Following are the number of passenger, aircraft and cargo movements at the airport, according to Infraero (2007-2021) and Motiva (2022-2025) reports:

| Year | Passenger | Aircraft | Cargo (t) |
|---|---|---|---|
| 2025 | 6,082,222 +17% | 62,453 +12% |  |
| 2024 | 5,179,747 −7% | 55,820 −8% |  |
| 2023 | 5,565,810 | 60,542 |  |
| 2022^{a} | 3,899,773 | 45,005 |  |
| 2021 | 3,111,942 +23% | 34,225 +19% | 20,003 +2% |
| 2020 | 2,520,710 −61% | 28,747 −57% | 19,553 −44% |
| 2019 | 6,502,746 +3% | 66,371 +3% | 34,664 +6% |
| 2018 | 6,310,413 −6% | 64,683 −4% | 32,672 +16% |
| 2017 | 6,722,058 +5% | 67,457 +2% | 28,220 +10% |
| 2016 | 6,385,838 −12% | 66,386 −12% | 25,730 −12% |
| 2015 | 7,235,634 −2% | 75,722 −4% | 29,278 −16% |
| 2014 | 7,376,743 +9% | 78,790 −4% | 34,938 −9% |
| 2013 | 6,742,133 −1% | 82,455 −7% | 38,355 −14% |
| 2012 | 6,828,334 −2% | 88,909 −6% | 44,478 +34% |
| 2011 | 6,969,484 +21% | 94,143 +7% | 33,152 +36% |
| 2010 | 5,774,615 +19% | 88,217 +10% | 24,417 +8% |
| 2009 | 4,853,733 +13% | 80,017 +16% | 22,604 −13% |
| 2008 | 4,281,354 +10% | 69,076 +10% | 26,072 +12% |
| 2007 | 3,907,275 | 62,563 | 23,322 |

Note:

 2022 series provided by CCR is incomplete, lacking data for the months of January, February and part of March.

==Accidents and incidents==
- 16 June 1958: a Cruzeiro do Sul Convair 440, registration PP-CEP, flying from Florianópolis to Curitiba, was on final approach procedures to land at Curitiba in bad weather when it was caught in windshear. The aircraft descended and struck the ground. Of the 27 passengers and crew aboard, 24 died. Among the deaths was the Brazilian interim president at that time, Nereu Ramos.
- 3 November 1967: a Sadia Handley Page Dart Herald, registration PP-SDJ, flying from São Paulo-Congonhas to Curitiba, collided with a hill during approach to land at Curitiba. All 5 crew members and 21 passengers died. 4 passengers survived.
- 16 August 2000: a VASP Boeing 737-200 registration PP-SMG, en route from Foz do Iguaçu to Curitiba, was hijacked by 5 persons demanding the BRL 5 million (approximately US$2.75 million at that time) that the aircraft was transporting.
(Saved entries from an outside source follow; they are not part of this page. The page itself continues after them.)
(* For any integers $W\ge6$, $L\ge2$, $d\ge1$ and any $0<\delta\le\frac1{3K}$ with $K=\lfloor(WL)^{2/d}\rfloor$, there exists a ReLU network $\phi:\mathbb{R}\to\mathbb{R}$, $\phi\in\mathcal{NN}(4W+3,4L)$, such that $\phi(x)\in[0,1]$ for all $x\in\mathbb{R}$, $\mathrm{Lip}\,\phi\le\frac{2L}{K^2\delta^2}$, and $$\phi(x)=\tfrac kK\quad\text{if }x\in\left[\tfrac kK,\tfrac{k+1}K-\delta\cdot1_{\{k<K-1\}}\right],\ k=0,1,\dots,K-1.$$
   Context: $\sigma(x)=\max(x,0)$. $\mathcal{NN}(W,L)$: functions $\phi(x)=T_L(\sigma(T_{L-1}(\cdots\sigma(T_0(x))\cdots)))$ with affine maps $T_l$, ReLU applied componentwise, all hidden layer sizes $\le W$ and depth $\le L$. $\mathrm{Lip}\,\phi$ is the Lipschitz constant of $\phi$. *)

theory Defs
  imports "HOL-Analysis.Analysis"
begin

text \<open>Vectors of dimension n are represented as functions nat => real (only indices < n matter).
  An affine map from dimension n to dimension m is given by a matrix A and a bias b.\<close>

definition affine_map :: "nat \<Rightarrow> nat \<Rightarrow> (nat \<Rightarrow> nat \<Rightarrow> real) \<Rightarrow> (nat \<Rightarrow> real)
    \<Rightarrow> (nat \<Rightarrow> real) \<Rightarrow> (nat \<Rightarrow> real)" where
  "affine_map n m A b x = (\<lambda>i. if i < m then (\<Sum>j<n. A i j * x j) + b i else 0)"

definition relu_vec :: "(nat \<Rightarrow> real) \<Rightarrow> (nat \<Rightarrow> real)" where
  "relu_vec x = (\<lambda>i. max (x i) 0)"

text \<open>Realization: dims = [d_0, d_1, ..., d_{L+1}], layers = [T_0, ..., T_L];
  phi = T_L o sigma o T_{L-1} o ... o sigma o T_0.\<close>
fun net_eval :: "nat list \<Rightarrow> ((nat \<Rightarrow> nat \<Rightarrow> real) \<times> (nat \<Rightarrow> real)) list
    \<Rightarrow> (nat \<Rightarrow> real) \<Rightarrow> (nat \<Rightarrow> real)" where
  "net_eval (n # m # ds) ((A, b) # Ls) x =
     (if ds = [] then affine_map n m A b x
      else net_eval (m # ds) Ls (relu_vec (affine_map n m A b x)))"
| "net_eval _ _ x = x"

text \<open>NN(W,L) for scalar functions R -> R: all hidden layer sizes \<le> W, depth (number of
  hidden layers) \<le> L.\<close>
definition NN_scalar :: "nat \<Rightarrow> nat \<Rightarrow> (real \<Rightarrow> real) \<Rightarrow> bool" where
  "NN_scalar W L \<phi> \<longleftrightarrow>
     (\<exists>dims layers.
        length layers \<ge> 1 \<and> length dims = length layers + 1 \<and>
        hd dims = 1 \<and> last dims = 1 \<and>
        length layers - 1 \<le> L \<and>
        (\<forall>i. 0 < i \<and> i < length layers \<longrightarrow> dims ! i \<le> W) \<and>
        (\<forall>t. \<phi> t = net_eval dims layers (\<lambda>i. if i = 0 then t else 0) 0))"

definition K_of :: "nat \<Rightarrow> nat \<Rightarrow> nat \<Rightarrow> nat" where
  "K_of W L d = nat \<lfloor>(real (W * L)) powr (2 / real d)\<rfloor>"

end

theory Submission
  imports Defs
begin

text \<open>
  Write \<open>K = A * B\<close> with \<open>A, B \<le> W * L\<close> (\<open>A = B = W * L\<close> if \<open>d = 1\<close>, \<open>A = 1\<close> otherwise) and cut
  \<open>[0, 1]\<close> into \<open>A\<close> blocks of length \<open>B / K\<close>, each made of \<open>B\<close> cells of length \<open>1 / K\<close>.
  The function \<open>psi\<close> rounds \<open>x\<close> down to the left end of its cell using two staircases of
  steep ramps: one with \<open>A - 1\<close> steps counts the blocks left of \<open>x\<close>, which gives the position
  \<open>local_coord x\<close> of \<open>x\<close> inside its block, and one with \<open>B - 1\<close> steps counts the cells inside
  the block. Then \<open>K * local_coord x\<close> minus the cell count is the position of \<open>x\<close> inside its
  cell, clamped to \<open>[0, 1]\<close>, and \<open>psi\<close> subtracts it divided by \<open>K\<close>. While the block count
  is still rising near a block boundary, a bump (the difference of two shifted block
  staircases) forces the clamp to \<open>0\<close>, so that \<open>psi\<close> is the identity there; this keeps \<open>psi\<close>
  \<open>(2 + 4 / (K * \<delta>))\<close>-Lipschitz.

  Only \<open>3 (A - 1) + (B - 1)\<close> ramps are needed rather than \<open>K\<close>. A ReLU network evaluates them
  sequentially: it carries five nonnegative registers from layer to layer and each layer adds
  \<open>2 W - 1\<close> ramps, each built from two ReLUs, so width \<open>4 W + 3\<close> and depth \<open>4 L\<close> suffice.
\<close>

definition clamp01 :: "real \<Rightarrow> real" where
  "clamp01 z = max 0 (min 1 z)"

lemma clamp01_bounds: "0 \<le> clamp01 z" "clamp01 z \<le> 1"
  by (auto simp: clamp01_def)

lemma clamp01_eq_self: "0 \<le> z \<Longrightarrow> z \<le> 1 \<Longrightarrow> clamp01 z = z"
  by (auto simp: clamp01_def)

lemma clamp01_eq_0: "z \<le> 0 \<Longrightarrow> clamp01 z = 0"
  by (auto simp: clamp01_def)

lemma clamp01_le_self: "0 \<le> z \<Longrightarrow> clamp01 z \<le> z"
  by (auto simp: clamp01_def)

lemma relu_diff_eq_clamp01: "max z 0 - max (z - 1) 0 = clamp01 z"
  by (auto simp: clamp01_def)

lemma lipschitz_on_clamp01: "1-lipschitz_on S clamp01"
  by (rule lipschitz_onI) (auto simp: clamp01_def dist_real_def)

definition ramp :: "real \<Rightarrow> real \<Rightarrow> real \<Rightarrow> real" where
  "ramp c w u = clamp01 ((u - c) / w + 1)"

lemma ramp_bounds: "0 \<le> ramp c w u" "ramp c w u \<le> 1"
  by (auto simp: ramp_def clamp01_bounds)

lemma ramp_eq_1: "0 < w \<Longrightarrow> c \<le> u \<Longrightarrow> ramp c w u = 1"
  by (auto simp: ramp_def clamp01_def)

lemma ramp_eq_0:
  assumes "0 < w" "u \<le> c - w"
  shows "ramp c w u = 0"
proof -
  have "(u - c) / w \<le> -1" using assms by (simp add: divide_simps)
  then show ?thesis by (simp add: ramp_def clamp01_def)
qed

lemma ramp_antimono:
  assumes "0 < w" "c' \<le> c"
  shows "ramp c w u \<le> ramp c' w u"
proof -
  have "(u - c) / w \<le> (u - c') / w" using assms by (simp add: divide_right_mono)
  then show ?thesis by (simp add: ramp_def clamp01_def)
qed

lemma lipschitz_on_ramp:
  assumes "0 < w"
  shows "(1/w)-lipschitz_on UNIV (ramp c w)"
proof -
  have "(1/w)-lipschitz_on UNIV (\<lambda>u. (u - c) / w + 1)"
    using assms by (intro lipschitz_onI)
      (auto simp: dist_real_def diff_divide_distrib[symmetric] abs_divide)
  from lipschitz_on_compose2[OF this lipschitz_on_clamp01] show ?thesis
    by (simp add: ramp_def[abs_def])
qed

lemma lipschitz_on_add_split:
  fixes f g :: "real \<Rightarrow> real"
  assumes f: "C-lipschitz_on UNIV f" and g: "C-lipschitz_on UNIV g"
    and f_const: "\<And>x. m \<le> x \<Longrightarrow> f x = f m" and g_const: "\<And>x. x \<le> m \<Longrightarrow> g x = g m"
  shows "C-lipschitz_on UNIV (\<lambda>x. f x + g x)"
proof (rule lipschitz_on_leI)
  show "0 \<le> C" using lipschitz_on_nonneg[OF f] .
  have F: "\<bar>f a - f b\<bar> \<le> C * \<bar>a - b\<bar>" for a b
    using lipschitz_onD[OF f, of a b] by (simp add: dist_real_def)
  have G: "\<bar>g a - g b\<bar> \<le> C * \<bar>a - b\<bar>" for a b
    using lipschitz_onD[OF g, of a b] by (simp add: dist_real_def)
  fix x y :: real assume "x \<le> y"
  consider "y \<le> m" | "m \<le> x" | "x \<le> m" "m \<le> y" by linarith
  then show "dist (f x + g x) (f y + g y) \<le> C * dist x y"
  proof cases
    case 1
    then have "g x = g y" using g_const[of x] g_const[of y] \<open>x \<le> y\<close> by simp
    then show ?thesis using F[of x y] by (simp add: dist_real_def)
  next
    case 2
    then have "f x = f y" using f_const[of x] f_const[of y] \<open>x \<le> y\<close> by simp
    then show ?thesis using G[of x y] by (simp add: dist_real_def)
  next
    case 3
    then have "\<bar>(f x + g x) - (f y + g y)\<bar> = \<bar>(f x - f m) + (g m - g y)\<bar>"
      using f_const[of y] g_const[of x] by simp
    also have "\<dots> \<le> \<bar>f x - f m\<bar> + \<bar>g m - g y\<bar>" by (rule abs_triangle_ineq)
    also have "\<dots> \<le> C * \<bar>x - m\<bar> + C * \<bar>m - y\<bar>" using F G by (rule add_mono)
    also have "\<dots> = C * \<bar>x - y\<bar>" using 3 by (simp add: algebra_simps)
    finally show ?thesis by (simp add: dist_real_def)
  qed
qed

lemma lipschitz_on_interval_concat:
  fixes f :: "real \<Rightarrow> real"
  assumes "C-lipschitz_on {a..b} f" "C-lipschitz_on {b..c} f"
  shows "C-lipschitz_on {a..c} f"
  using lipschitz_on_concat[OF assms] by simp

lemma lipschitz_on_interval_chain:
  fixes f :: "real \<Rightarrow> real" and p :: "nat \<Rightarrow> real"
  assumes "0 \<le> C" and "\<And>i. i < n \<Longrightarrow> C-lipschitz_on {p i .. p (Suc i)} f"
  shows "C-lipschitz_on {p 0 .. p n} f"
  using assms(2)
proof (induction n)
  case 0
  show ?case
    unfolding atLeastAtMost_singleton using \<open>0 \<le> C\<close> by (rule lipschitz_on_singleton)
next
  case (Suc n)
  then have "C-lipschitz_on {p 0 .. p n} f" "C-lipschitz_on {p n .. p (Suc n)} f" by simp_all
  then show ?case by (rule lipschitz_on_interval_concat)
qed

definition staircase :: "(nat \<Rightarrow> real) \<Rightarrow> real \<Rightarrow> nat \<Rightarrow> real \<Rightarrow> real" where
  "staircase c w n u = (\<Sum>i<n. ramp (c i) w u)"

lemma staircase_nonneg: "0 \<le> staircase c w n u"
  unfolding staircase_def by (intro sum_nonneg) (simp add: ramp_bounds)

lemma staircase_antimono:
  assumes "0 < w" "\<And>i. i < n \<Longrightarrow> c' i \<le> c i"
  shows "staircase c w n u \<le> staircase c' w n u"
  unfolding staircase_def using assms by (intro sum_mono ramp_antimono) auto

lemma staircase_ge_count:
  assumes "0 < w" "J \<le> n" "\<And>j. j < J \<Longrightarrow> c j \<le> x"
  shows "real J \<le> staircase c w n x"
proof -
  have "staircase c w n x = (\<Sum>j<J. ramp (c j) w x) + (\<Sum>j\<in>{J..<n}. ramp (c j) w x)"
    using assms(2) by (simp add: staircase_def atLeast0LessThan[symmetric] sum.atLeastLessThan_concat)
  moreover have "(\<Sum>j<J. ramp (c j) w x) = real J"
    using assms by (simp add: ramp_eq_1)
  moreover have "0 \<le> (\<Sum>j\<in>{J..<n}. ramp (c j) w x)"
    by (intro sum_nonneg) (simp add: ramp_bounds)
  ultimately show ?thesis by linarith
qed

lemma sum_lessThan_restrict:
  fixes n m :: nat
  assumes "n \<le> m"
  shows "(\<Sum>g<m. if g < n then f g else 0) = (\<Sum>g<n. f g)"
proof -
  have "{..<m} \<inter> {g. g < n} = {..<n}" using assms by auto
  then show ?thesis by (simp add: sum.If_cases)
qed

lemma staircase_eq_count:
  assumes "0 < w" "J \<le> n" "\<And>j. j < J \<Longrightarrow> c j \<le> x"
    and "\<And>j. J \<le> j \<Longrightarrow> j < n \<Longrightarrow> x \<le> c j - w"
  shows "staircase c w n x = real J"
proof -
  have "staircase c w n x = (\<Sum>j<n. if j < J then 1 else 0)"
    unfolding staircase_def using assms by (intro sum.cong) (auto simp: ramp_eq_1 ramp_eq_0)
  also have "\<dots> = real J" using sum_lessThan_restrict[OF assms(2), of "\<lambda>_. 1::real"] by simp
  finally show ?thesis .
qed

lemma staircase_eq_count_plus_ramp:
  assumes "0 < w" "J < n" "\<And>j. j < J \<Longrightarrow> c j \<le> x"
    and "\<And>j. J < j \<Longrightarrow> j < n \<Longrightarrow> x \<le> c j - w"
  shows "staircase c w n x = real J + ramp (c J) w x"
proof -
  have "staircase c w n x = (\<Sum>j<n. (if j < J then 1 else 0) + (if j = J then ramp (c J) w x else 0))"
    unfolding staircase_def using assms by (intro sum.cong) (auto simp: ramp_eq_1 ramp_eq_0)
  also have "\<dots> = (\<Sum>j<n. if j < J then 1 else 0) + ramp (c J) w x"
    using assms(2) by (simp add: sum.distrib)
  also have "(\<Sum>j<n. if j < J then 1 else 0) = real J"
    using sum_lessThan_restrict[of J n "\<lambda>_. 1::real"] assms(2) by simp
  finally show ?thesis .
qed

lemma lipschitz_on_staircase:
  assumes "0 < w" and sep: "\<And>i j. i < j \<Longrightarrow> j < n \<Longrightarrow> c i \<le> c j - w"
  shows "(1/w)-lipschitz_on UNIV (staircase c w n)"
  using sep
proof (induction n)
  case 0
  then show ?case using \<open>0 < w\<close> by (auto simp: staircase_def intro: lipschitz_onI)
next
  case (Suc n)
  have "(1/w)-lipschitz_on UNIV (\<lambda>u. staircase c w n u + ramp (c n) w u)"
  proof (rule lipschitz_on_add_split[where m = "c n - w"])
    show "(1/w)-lipschitz_on UNIV (staircase c w n)" using Suc by simp
    show "(1/w)-lipschitz_on UNIV (ramp (c n) w)" using \<open>0 < w\<close> by (rule lipschitz_on_ramp)
    show "ramp (c n) w x = ramp (c n) w (c n - w)" if "x \<le> c n - w" for x
      using that \<open>0 < w\<close> by (simp add: ramp_eq_0)
    show "staircase c w n x = staircase c w n (c n - w)" if "c n - w \<le> x" for x
    proof -
      have "c i \<le> c n - w" "c i \<le> x" if "i < n" for i
        using Suc.prems that \<open>c n - w \<le> x\<close> by force+
      then show ?thesis
        unfolding staircase_def using \<open>0 < w\<close> by (intro sum.cong) (simp_all add: ramp_eq_1)
    qed
  qed
  then show ?case by (simp add: staircase_def)
qed

section \<open>The two-scale staircase function\<close>

lemma add_mult_less_pred_mult:
  fixes a i A B :: nat
  assumes "i < B" "a < A" "Suc a < A \<or> Suc i < B"
  shows "a * B + i < A * B - 1"
proof -
  have "Suc (a * B + i) < A * B"
  proof (cases "Suc a < A")
    case True
    have "Suc (a * B + i) \<le> Suc a * B" using assms(1) by simp
    also have "\<dots> < A * B" using mult_less_mono1[OF True, of B] assms(1) by simp
    finally show ?thesis .
  next
    case False
    then have "Suc (a * B + i) < Suc a * B" using assms(3) by simp
    also have "\<dots> \<le> A * B" using assms(2) by (intro mult_le_mono1) simp
    finally show ?thesis .
  qed
  then show ?thesis by simp
qed
lemma cdf_aggregate_eq_dictator:
  assumes a: "proper_level a" and d: "\<And>S. decisive a S \<longleftrightarrow> d \<in> S" and ps: "ps \<in> profiles L"
  shows "F (\<psi> ps) a = F (ps d) a"
proof (rule ccontr)
  assume ne: "F (\<psi> ps) a \<noteq> F (ps d) a"
  obtain c where aL: "a \<in> L" and c: "c \<in> L" "a < c" using a by (auto simp: proper_level_def)
  define t where "t = F (\<psi> ps) a"
  define v where "v i = F (ps i) a" for i
  have v: "0 \<le> v i" "v i \<le> 1" for i
    unfolding v_def by (auto intro: cdf_of_nonneg cdf_of_le_1 profilesD[OF ps])
  have t: "0 \<le> t" "t \<le> 1"
    unfolding t_def by (auto intro: cdf_of_nonneg cdf_of_le_1 aggregate_in_probs[OF ps])
  \<comment> \<open>Only the side of each report relative to t matters, so the reports can be rounded to 0,
    t or 1.\<close>
  define g where "g = (\<lambda>i. if v i < t then 0 else if t < v i then 1 else t)"
  let ?G = "\<lambda>i. two_point L a c (g i)"
  have G: "?G \<in> profiles L" using aL c t by (auto simp: g_def intro!: profilesI two_point_in_probs)
  have cdf_G: "F (two_point L a c (g i)) a = g i" for i
    using aL c t by (simp add: cdf_two_point g_def)
  have "F (\<psi> ?G) a = t"
  proof -
    have "same_side t (F (ps i) a) (F (?G i) a)" for i
      using v[of i] t unfolding cdf_G by (auto simp: g_def v_def same_side_def)
    then show ?thesis unfolding t_def by (intro cdf_aggregate_same_side[OF ps G aL])
  qed
  moreover have "t < v d \<or> v d < t" using ne by (auto simp: t_def v_def)
  moreover have "F (\<psi> ?G) a = 1" if "t < v d"
    using that d v[of d]
    by (subst cdf_aggregate_eq_1_iff_decisive[OF a G, where S = "{i. t < v i}"])
      (unfold cdf_G, auto simp: g_def)
  moreover have "F (\<psi> ?G) a = 0" if "v d < t"
    using that d v[of d]
    by (subst cdf_aggregate_eq_0_iff_not_decisive[OF a G, where S = "{i. t \<le> v i}"])
      (unfold cdf_G, auto simp: g_def)
  ultimately show False using v[of d] t by auto
qed
(* For every generalized Stirling permutation $u$ of degree $n$ and every planar tree $t$ of degree $n$: $\pi(u)\le_{PT}t$ if and only if $u\le_{Pw}\iota(t)$. That is, $\pi$ and $\iota$ form a Galois connection between the planar weak order on generalized Stirling permutations and the planar Tamari order on planar trees.
   Context: A planar tree has linearly ordered children at each node, each node being a leaf or having $\ge2$ children (internal node); degree = number of leaves minus one. A generalized Stirling permutation (GSP) is a planar tree together with a bijection $\kappa$ from its internal nodes to $\{1,\dots,N\}$ ($N$ = number of internal nodes) increasing from each internal node to its internal children; $\pi(u)$ is its underlying planar tree. Its word $\mathbf w(u)$: a leaf has empty word; a node $x$ with children $c_1,\dots,c_k$ has word $\mathbf w(c_1)\kappa(x)\mathbf w(c_2)\cdots\kappa(x)\mathbf w(c_k)$. For each planar tree $t$ there is exactly one GSP with underlying tree $t$ whose word is $213$-avoiding (no $i<j<k$ with $w_k>w_i>w_j$); it is denoted $\iota(t)$. Planar weak order: for packed words, $w^{-1}(a)=\{p:w_p=a\}$, $\mathrm{iInv}(w)=\{(a,b):a<b,\ \min w^{-1}(a)>\max w^{-1}(b)\}$, $T_a(w)$ = $w$ with letters $a,a+1$ swapped; the order is the reflexive–transitive closure of: $u$ is covered by $w$ iff $u=T_a(w)$ and $|\mathrm{iInv}(w)|=|\mathrm{iInv}(u)|+1$. On GSPs, $u\le_{Pw}v$ iff $\mathbf w(u)\le\mathbf w(v)$. Planar Tamari order: if an internal node $x$ has children $c_1,\dots,c_{a-1},y$ ($a\ge2$) with $y$ internal having children $d_1,\dots,d_{b+1}$ ($b\ge1$), the left rotation at $x$ replaces the subtree at $x$ by a node with children $z,d_2,\dots,d_{b+1}$, where $z$ is a new node with children $c_1,\dots,c_{a-1},d_1$. $\le_{PT}$ is the reflexive–transitive closure of "$t$ is a left rotation of $s$". *)

theory Defs
  imports Main
begin

datatype ptree = Leaf | Node "ptree list"

fun wf_ptree :: "ptree \<Rightarrow> bool" where
  "wf_ptree Leaf = True"
| "wf_ptree (Node cs) = (2 \<le> length cs \<and> (\<forall>c\<in>set cs. wf_ptree c))"

fun leaves :: "ptree \<Rightarrow> nat" where
  "leaves Leaf = 1"
| "leaves (Node cs) = sum_list (map leaves cs)"

definition pdeg :: "ptree \<Rightarrow> nat" where
  "pdeg t = leaves t - 1"

section \<open>Generalized Stirling permutations (internal nodes labelled by kappa)\<close>

datatype ltree = LLeaf | LNode nat "ltree list"

fun strip :: "ltree \<Rightarrow> ptree" where
  "strip LLeaf = Leaf"
| "strip (LNode k cs) = Node (map strip cs)"

fun labels :: "ltree \<Rightarrow> nat list" where
  "labels LLeaf = []"
| "labels (LNode k cs) = k # concat (map labels cs)"

fun lbl_incr :: "ltree \<Rightarrow> bool" where
  "lbl_incr LLeaf = True"
| "lbl_incr (LNode k cs) =
     (\<forall>c\<in>set cs. lbl_incr c \<and> (\<forall>k' ds. c = LNode k' ds \<longrightarrow> k < k'))"

definition gsp :: "ltree \<Rightarrow> bool" where
  "gsp u \<longleftrightarrow> wf_ptree (strip u) \<and> distinct (labels u)
      \<and> set (labels u) = {1..length (labels u)} \<and> lbl_incr u"

abbreviation \<pi> :: "ltree \<Rightarrow> ptree" where
  "\<pi> u \<equiv> strip u"

fun word :: "ltree \<Rightarrow> nat list" where
  "word LLeaf = []"
| "word (LNode k []) = []"
| "word (LNode k (c # cs)) = word c @ concat (map (\<lambda>d. k # word d) cs)"

definition avoids213 :: "nat list \<Rightarrow> bool" where
  "avoids213 w \<longleftrightarrow> \<not> (\<exists>i j k. i < j \<and> j < k \<and> k < length w \<and> w!j < w!i \<and> w!i < w!k)"

definition \<iota> :: "ptree \<Rightarrow> ltree" where
  "\<iota> t = (THE u. gsp u \<and> strip u = t \<and> avoids213 (word u))"

definition packed :: "nat list \<Rightarrow> bool" where
  "packed w \<longleftrightarrow> set w = {1..Max (insert 0 (set w))}"

definition positions :: "nat list \<Rightarrow> nat \<Rightarrow> nat set" where
  "positions w a = {p. p < length w \<and> w ! p = a}"

definition iInv :: "nat list \<Rightarrow> (nat \<times> nat) set" where
  "iInv w = {(a, b). a < b \<and> a \<in> set w \<and> b \<in> set w
              \<and> Min (positions w a) > Max (positions w b)}"

definition swapT :: "nat \<Rightarrow> nat list \<Rightarrow> nat list" where
  "swapT a w = map (\<lambda>x. if x = a then a + 1 else if x = a + 1 then a else x) w"

definition pw_cover :: "nat list \<Rightarrow> nat list \<Rightarrow> bool" where
  "pw_cover u w \<longleftrightarrow> packed u \<and> packed w \<and>
     (\<exists>a. u = swapT a w \<and> card (iInv w) = card (iInv u) + 1)"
The pilot was forced to land at Porecatu, where the hijackers fled with the money. There were no injuries.
- 26 December 2002: a Brazilian Air Force Embraer EMB 110 Bandeirante, registration FAB-2292, en route from São Paulo-Campo de Marte to Florianópolis Air Force Base, crashed while trying to carry out an emergency landing at Curitiba-Afonso Pena. Reportedly, both engines had shut down. The airplane had taken off with insufficient fuel on board to complete the flight to Florianópolis. Of the 16 people on board, 1 crew member and 2 passengers died.
- 22 August 2007: an Embraer EMB 110 Bandeirante registration PT-SDB belonging to Two Taxi Aéreo crashed after take-off. The two occupants died.

==Access==
The airport is located 18 km southeast of downtown Curitiba. The airport operates a shuttle bus to the center of Curitiba and the 208 bus route also connects passengers to the airport.